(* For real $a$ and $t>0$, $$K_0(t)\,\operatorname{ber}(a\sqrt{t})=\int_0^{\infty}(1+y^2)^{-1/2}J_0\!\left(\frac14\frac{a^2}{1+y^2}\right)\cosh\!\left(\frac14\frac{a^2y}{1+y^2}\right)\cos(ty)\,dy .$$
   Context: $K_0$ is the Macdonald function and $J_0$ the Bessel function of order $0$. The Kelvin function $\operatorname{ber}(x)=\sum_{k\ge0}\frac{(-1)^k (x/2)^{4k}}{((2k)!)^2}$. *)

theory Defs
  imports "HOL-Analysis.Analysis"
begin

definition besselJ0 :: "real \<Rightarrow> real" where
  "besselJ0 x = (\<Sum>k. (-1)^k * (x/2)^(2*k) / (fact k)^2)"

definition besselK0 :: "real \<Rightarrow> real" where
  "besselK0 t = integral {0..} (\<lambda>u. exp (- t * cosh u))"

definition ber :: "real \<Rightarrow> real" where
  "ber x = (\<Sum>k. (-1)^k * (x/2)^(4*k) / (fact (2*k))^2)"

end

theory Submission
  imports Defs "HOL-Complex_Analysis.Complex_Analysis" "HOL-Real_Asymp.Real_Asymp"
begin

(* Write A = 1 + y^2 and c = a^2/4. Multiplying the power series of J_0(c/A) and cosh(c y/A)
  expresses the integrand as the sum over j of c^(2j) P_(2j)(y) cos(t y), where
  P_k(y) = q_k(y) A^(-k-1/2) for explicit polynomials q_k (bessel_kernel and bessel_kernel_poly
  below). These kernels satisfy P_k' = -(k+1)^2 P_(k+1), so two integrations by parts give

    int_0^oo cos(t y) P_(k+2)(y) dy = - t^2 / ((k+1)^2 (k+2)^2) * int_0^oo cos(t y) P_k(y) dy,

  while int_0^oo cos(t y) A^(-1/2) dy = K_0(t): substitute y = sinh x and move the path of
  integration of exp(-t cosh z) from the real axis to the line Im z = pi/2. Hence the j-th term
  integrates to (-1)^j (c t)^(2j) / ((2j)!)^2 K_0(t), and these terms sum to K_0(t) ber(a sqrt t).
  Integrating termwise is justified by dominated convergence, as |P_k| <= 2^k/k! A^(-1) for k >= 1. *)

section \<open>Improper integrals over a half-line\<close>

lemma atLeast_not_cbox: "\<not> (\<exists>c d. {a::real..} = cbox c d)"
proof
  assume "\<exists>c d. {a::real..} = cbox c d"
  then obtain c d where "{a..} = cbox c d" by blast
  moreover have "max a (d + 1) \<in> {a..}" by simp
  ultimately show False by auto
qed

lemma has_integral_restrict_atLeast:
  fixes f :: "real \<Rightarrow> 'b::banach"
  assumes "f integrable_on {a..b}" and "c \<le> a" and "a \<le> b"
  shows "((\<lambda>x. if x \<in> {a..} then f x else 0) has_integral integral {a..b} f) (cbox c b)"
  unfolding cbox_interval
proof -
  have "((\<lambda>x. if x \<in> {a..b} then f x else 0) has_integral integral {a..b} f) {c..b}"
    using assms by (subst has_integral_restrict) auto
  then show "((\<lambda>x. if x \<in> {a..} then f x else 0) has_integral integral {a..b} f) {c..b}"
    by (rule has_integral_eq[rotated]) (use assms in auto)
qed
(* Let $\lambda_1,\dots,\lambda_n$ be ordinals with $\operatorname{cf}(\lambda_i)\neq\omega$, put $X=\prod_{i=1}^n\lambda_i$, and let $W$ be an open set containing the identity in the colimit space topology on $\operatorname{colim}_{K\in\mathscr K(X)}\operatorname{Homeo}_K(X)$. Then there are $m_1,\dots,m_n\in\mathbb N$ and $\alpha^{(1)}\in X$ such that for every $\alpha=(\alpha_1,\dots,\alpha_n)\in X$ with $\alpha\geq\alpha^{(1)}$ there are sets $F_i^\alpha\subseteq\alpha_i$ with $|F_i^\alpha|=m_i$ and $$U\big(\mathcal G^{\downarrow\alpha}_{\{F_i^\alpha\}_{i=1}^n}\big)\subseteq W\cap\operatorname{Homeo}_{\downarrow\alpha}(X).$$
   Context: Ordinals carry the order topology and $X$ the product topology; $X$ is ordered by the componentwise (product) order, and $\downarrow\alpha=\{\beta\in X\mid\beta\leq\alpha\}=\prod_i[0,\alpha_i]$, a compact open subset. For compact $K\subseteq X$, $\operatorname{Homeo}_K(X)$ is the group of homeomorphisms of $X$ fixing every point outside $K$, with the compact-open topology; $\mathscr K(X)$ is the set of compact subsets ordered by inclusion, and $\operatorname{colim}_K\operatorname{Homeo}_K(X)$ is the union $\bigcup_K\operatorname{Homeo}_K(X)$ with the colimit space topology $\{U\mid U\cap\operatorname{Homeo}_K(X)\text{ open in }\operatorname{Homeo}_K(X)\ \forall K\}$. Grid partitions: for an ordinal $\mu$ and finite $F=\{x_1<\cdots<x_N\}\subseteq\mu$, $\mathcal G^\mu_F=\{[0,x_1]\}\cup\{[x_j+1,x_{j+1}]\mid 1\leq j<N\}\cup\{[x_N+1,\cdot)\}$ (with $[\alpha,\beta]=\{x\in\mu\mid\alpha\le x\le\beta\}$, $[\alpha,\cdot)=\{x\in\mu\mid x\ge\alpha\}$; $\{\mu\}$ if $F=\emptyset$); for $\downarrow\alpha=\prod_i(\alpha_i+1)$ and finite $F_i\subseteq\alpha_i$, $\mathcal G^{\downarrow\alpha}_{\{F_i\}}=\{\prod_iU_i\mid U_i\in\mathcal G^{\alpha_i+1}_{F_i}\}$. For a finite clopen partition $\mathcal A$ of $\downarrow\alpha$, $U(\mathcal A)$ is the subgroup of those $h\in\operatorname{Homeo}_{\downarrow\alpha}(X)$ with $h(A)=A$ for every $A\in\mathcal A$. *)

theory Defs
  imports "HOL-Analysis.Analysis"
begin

■ ■ ■ ■ ■

■ What to produce:
Check every line of the records, and copy the ones that hold the word "where".

■ Exercise output:
definition besselJ0 :: "real \<Rightarrow> real" where
definition besselK0 :: "real \<Rightarrow> real" where
definition ber :: "real \<Rightarrow> real" where
  expresses the integrand as the sum over j of c^(2j) P_(2j)(y) cos(t y), where
  then obtain c d where "{a..} = cbox c d" by blast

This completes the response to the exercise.